Ele prestou seu exame de navegação em Flensburg quando tinha dezoito anos, e nesse mesmo ano sofreu outro naufrágio, dessa vez nas proximidades do litoral da Noruega, perto de Mandal, onde se postou em uma pedra, na qual as ondas batiam em uma noite fria de outubro, examinando com os olhos o horizonte, em busca de salvação. Nos cinco anos seguintes, navegou pelos sete mares. Foi para o sul, deu a volta no cabo Horn e ouviu pinguins berrarem no meio da noite escura como breu. Viu Valparaíso, a costa oeste da América, e Sydney, onde os cangurus pulam para lá e para cá e, no inverno, as árvores perdem a casca do tronco, não as folhas. Conheceu uma moça com olhos de uva chamada Sally Brown e era capaz de contar histórias da Foretop Street, de La Boca, da Barbary Coast e da Tiger Bay. Gabava-se de sua primeira travessia do equador, quando saudou Netuno e sentiu o solavanco na hora que o navio passou pela linha; seus companheiros marujos marcaram a ocasião obrigando-o a beber água salgada, óleo de peixe e vinagre; batizaram-no com piche, fuligem de lamparina e cola; barbearam-no com uma navalha enferrujada de lâmina dentada; e trataram dos cortes com sal e limão, para arder. Obrigaram-no a beijar a face cor de ocre com marcas de varíola de Anfitrite e forçaram seu nariz para dentro do pote de sais aromáticos dela, que tinham enchido com pedaços de unhas cortadas.

Laurids Madsen tinha visto o mundo.

Assim como muitos outros. Mas ele foi o único a voltar para Marstal com a estranha ideia de que tudo ali era pequeno demais. Para comprovar sua opinião, costumava falar em uma língua estrangeira que chamava de “americano”, a qual aprendera durante o ano em que velejara com a fragata Nuncafunda.

Givin neim belong mi Laurids Madsen – ele dizia.

 

 

Teve três filhos e uma filha com Karoline Grube, da rua Nygade: Rasmus, que ganhou o nome em homenagem ao avô, Esben e Albert. O nome da menina era Else, e ela era a mais velha. Rasmus, Esben e Else tinham puxado à mãe, que era baixinha e taciturna, ao passo que Albert se parecia com o pai: aos quatro anos, já era tão alto quanto Esben, três anos mais velho. Seu passatempo preferido era brincar com uma bala de canhão inglesa de ferro fundido, que era pesada demais para ele erguer – não que isso o impedisse de tentar. Com o rosto cheio de teimosia, dobrava os joelhos e fazia força.

Heave away, my jolly boys! Heave away, my bullies! – Laurids gritava para incentivá-lo, ao observar o filho mais novo lutando com aquilo.

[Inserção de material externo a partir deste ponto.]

lemma nonexpansive_rel_iff:
  "nonexpansive_rel N \<longleftrightarrow> (\<forall>x y x' y'. (x, y) \<in> N \<longrightarrow> (x', y') \<in> N \<longrightarrow> norm (y - y') \<le> norm (x - x'))"
  (is "_ \<longleftrightarrow> ?lip")
proof
  assume ?lip
  moreover have "y = z" if "(x, y) \<in> N" "(x, z) \<in> N" for x y z
  proof -
    have "norm (y - z) \<le> norm (x - x)" using \<open>?lip\<close> that by blast
    then show ?thesis by simp
  qed
  ultimately show "nonexpansive_rel N" unfolding nonexpansive_rel_def by blast
qed (simp add: nonexpansive_rel_def)

lemma comonotone_iff_nonexpansive_Nop:
  fixes A :: "('a::real_inner \<times> 'a) set"
  assumes "\<rho> > -1"
  shows "comonotone \<rho> A \<longleftrightarrow> nonexpansive_rel (Nop \<rho> A)"
  unfolding comonotone_def nonexpansive_rel_iff mem_Nop_iff Nop_pair_le_iff[OF assms, symmetric]
  by blast

lemma comonotone_insert:
  assumes "comonotone \<rho> A" and "\<And>s v. (s, v) \<in> A \<Longrightarrow> \<rho> * (norm (u - v))\<^sup>2 \<le> inner (t - s) (u - v)"
  shows "comonotone \<rho> (insert (t, u) A)"
proof -
  have "inner (s - t) (v - u) = inner (t - s) (u - v)" for s v
    by (metis inner_minus_left inner_minus_right minus_diff_eq)
  then show ?thesis using assms unfolding comonotone_def by (auto simp: norm_minus_commute)
qed
(* Let $a<b$, let $N\ge1$ and $T\ge1$. For a probability distribution function $F$ on $[a,b]$ and $y\in[a,b]$ let $\mathrm{CRPS}(F,y)=\int_a^b(F(u)-H(u-y))^2\,du$, where $H(x)=0$ for $x<0$ and $H(x)=1$ for $x\ge0$. Consider the online protocol: set $w_{i,1}=\frac1N$ for $1\le i\le N$; for $t=1,\dots,T$: experts $i=1,\dots,N$ announce probability distribution functions $F_{i,t}$ on $[a,b]$; the learner announces the weighted average $$F_t(u)=\sum_{i=1}^N w^*_{i,t}F_{i,t}(u),\qquad w^*_{i,t}=\frac{w_{i,t}}{\sum_{j=1}^N w_{j,t}};$$ an outcome $y_t\in[a,b]$ is revealed (arbitrarily, possibly adversarially); and the weights are updated by $w_{i,t+1}=w_{i,t}\,e^{-\frac{1}{2(b-a)}\mathrm{CRPS}(F_{i,t},y_t)}$. Then for every $1\le i\le N$, $$\sum_{t=1}^T\mathrm{CRPS}(F_t,y_t)\le\sum_{t=1}^T\mathrm{CRPS}(F_{i,t},y_t)+2(b-a)\ln N.$$
   Context: A probability distribution function on $[a,b]$ is a non-decreasing function $F:[a,b]\to[0,1]$ with $F(a)=0$, $F(b)=1$, left-continuous and having a right limit at each point. *)

theory Defs
  imports "HOL-Analysis.Analysis"
begin

definition heaviside :: "real \<Rightarrow> real" where
  "heaviside x = (if x < 0 then 0 else 1)"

A bala de canhão tinha entrado pelo telhado da casa da Korsgade durante o cerco dos ingleses a Marstal, em 1808, e deixara a mãe de Laurids tão apavorada que ela prontamente o pariu no chão da cozinha. Quando o pequeno Albert não estava ocupado com a bala de canhão, o objeto morava na cozinha, onde era usado por Karoline como pilão para triturar sementes de mostarda.

– Podia ter sido você anunciando sua chegada, meu garoto, a julgar por seu tamanho quando nasceu – o pai de Laurids lhe dissera certa vez. – Se a cegonha o tivesse largado, você teria atravessado o telhado igual a uma bala de canhão inglesa.

 

 

Finga – Laurids dizia e erguia o dedo.

Ele queria ensinar às crianças a língua americana.

“Futi” significa “pé”. E apontava para a bota. “Maus” era boca.

Esfregava a barriga quando se sentavam para comer e mostrava os dentes.

Rangri.

Todos entendiam que ele queria dizer que estava com fome.

Mãe era “missis”, pai era “papa tru”. Quando Laurids estava fora, eles diziam “mamãe” e “papai”, como crianças normais, menos Albert. Ele tinha uma conexão especial com o pai.

As crianças tinham vários nomes: picaninnies, bullies e hearties.

Lein stomak – Laurids dizia a Karoline, e apertava os lábios como se fosse beijá-la.

Ela corava e dava risada, depois ficava brava.

– Não seja assim tão tolo, Laurids – dizia.